Data
####
theorem lemmaA6:
  fixes T :: real
  assumes "T > 0"
  shows "\<exists>C>0. \<forall>\<epsilon> B :: real. \<forall>z zt :: real \<Rightarrow> real \<Rightarrow> real \<Rightarrow> real \<Rightarrow> real.
     0 < \<epsilon> \<longrightarrow> \<epsilon> < 1 \<longrightarrow> T > 4 * \<epsilon> \<longrightarrow> B > 0 \<longrightarrow>
     (\<exists>L. \<forall>x t y s x' t' y' s'.
          x \<in> {0..1} \<longrightarrow> t \<in> {0..T} \<longrightarrow> y \<in> {0..1} \<longrightarrow> s \<in> {0..T} \<longrightarrow>
          x' \<in> {0..1} \<longrightarrow> t' \<in> {0..T} \<longrightarrow> y' \<in> {0..1} \<longrightarrow> s' \<in> {0..T} \<longrightarrow>
          \<bar>z x t y s - z x' t' y' s'\<bar> \<le> L * (\<bar>x - x'\<bar> + \<bar>t - t'\<bar> + \<bar>y - y'\<bar> + \<bar>s - s'\<bar>)) \<longrightarrow>
     (\<forall>x y s. x \<in> {0..1} \<longrightarrow> y \<in> {0..1} \<longrightarrow> s \<in> {0..T} \<longrightarrow>
          (AE t in lborel. t \<in> {0<..<T} \<longrightarrow>
             ((\<lambda>\<tau>. z x \<tau> y s) has_real_derivative zt x t y s) (at t))) \<longrightarrow>
     (\<forall>x t y s. x \<in> {0..1} \<longrightarrow> t \<in> {0..T} \<longrightarrow> y \<in> {0..1} \<longrightarrow> s \<in> {0..T} \<longrightarrow>
          \<bar>z x t y s\<bar> \<le> B) \<longrightarrow>
     \<bar>integral {0..1} (\<lambda>y. integral {0..T} (\<lambda>s. integral {0..1} (\<lambda>x. integral {0..T} (\<lambda>t.
          phibar_eps \<epsilon> T y s x t * zt x t y s
          + z x t y s * deriv (\<lambda>\<tau>. phibar_eps \<epsilon> T y s x \<tau>) t))))\<bar> \<le> C * B * \<epsilon>"
proof (intro exI[of _ "4 * (2 + 1728 * T) * T"] conjI allI impI; (elim exE)?)
  show "0 < 4 * (2 + 1728 * T) * T" using assms by simp
next
  fix \<epsilon> B L :: real and z zt :: "real \<Rightarrow> real \<Rightarrow> real \<Rightarrow> real \<Rightarrow> real"
  assume \<epsilon>: "0 < \<epsilon>" "\<epsilon> < 1" "T > 4 * \<epsilon>"
    and der: "\<forall>x y s. x \<in> {0..1} \<longrightarrow> y \<in> {0..1} \<longrightarrow> s \<in> {0..T} \<longrightarrow>
      (AE t in lborel. t \<in> {0<..<T} \<longrightarrow> ((\<lambda>\<tau>. z x \<tau> y s) has_real_derivative zt x t y s) (at t))"
    and bnd: "\<forall>x t y s. x \<in> {0..1} \<longrightarrow> t \<in> {0..T} \<longrightarrow> y \<in> {0..1} \<longrightarrow> s \<in> {0..T} \<longrightarrow> \<bar>z x t y s\<bar> \<le> B"
    and lip: "\<forall>x t y s x' t' y' s'.
      x \<in> {0..1} \<longrightarrow> t \<in> {0..T} \<longrightarrow> y \<in> {0..1} \<longrightarrow> s \<in> {0..T} \<longrightarrow>
      x' \<in> {0..1} \<longrightarrow> t' \<in> {0..T} \<longrightarrow> y' \<in> {0..1} \<longrightarrow> s' \<in> {0..T} \<longrightarrow>
      \<bar>z x t y s - z x' t' y' s'\<bar> \<le> L * (\<bar>x - x'\<bar> + \<bar>t - t'\<bar> + \<bar>y - y'\<bar> + \<bar>s - s'\<bar>)"
  have lip_t: "\<bar>L\<bar>-lipschitz_on {0..T} (\<lambda>t. z x t y s)"
    if "x \<in> {0..1}" "y \<in> {0..1}" "s \<in> {0..T}" for x y s
  proof (rule lipschitz_onI)
    fix t t' assume "t \<in> {0..T}" "t' \<in> {0..T}"
    then have "\<bar>z x t y s - z x t' y s\<bar> \<le> L * \<bar>t - t'\<bar>"
      using lip[rule_format, of x t y s x t' y s] that by simp
    then show "dist (z x t y s) (z x t' y s) \<le> \<bar>L\<bar> * dist t t'"
      by (simp add: dist_real_def) (metis abs_ge_self abs_ge_zero mult_right_mono order_trans)
  qed simp
  show "\<bar>integral {0..1} (\<lambda>y. integral {0..T} (\<lambda>s. integral {0..1} (\<lambda>x. integral {0..T} (\<lambda>t.
      phibar_eps \<epsilon> T y s x t * zt x t y s + z x t y s * deriv (\<lambda>\<tau>. phibar_eps \<epsilon> T y s x \<tau>) t))))\<bar>
    \<le> 4 * (2 + 1728 * T) * T * B * \<epsilon>"
    by (rule abs_integral_phibar_eps_le[OF \<epsilon> lip_t]) (use der bnd in blast)+
qed

end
####
Scan the material above for the string "simp", returning each line that contains it.

Solution to this problem
  show "0 < 4 * (2 + 1728 * T) * T" using assms by simp
      using lip[rule_format, of x t y s x t' y s] that by simp
      by (simp add: dist_real_def) (metis abs_ge_self abs_ge_zero mult_right_mono order_trans)
  qed simp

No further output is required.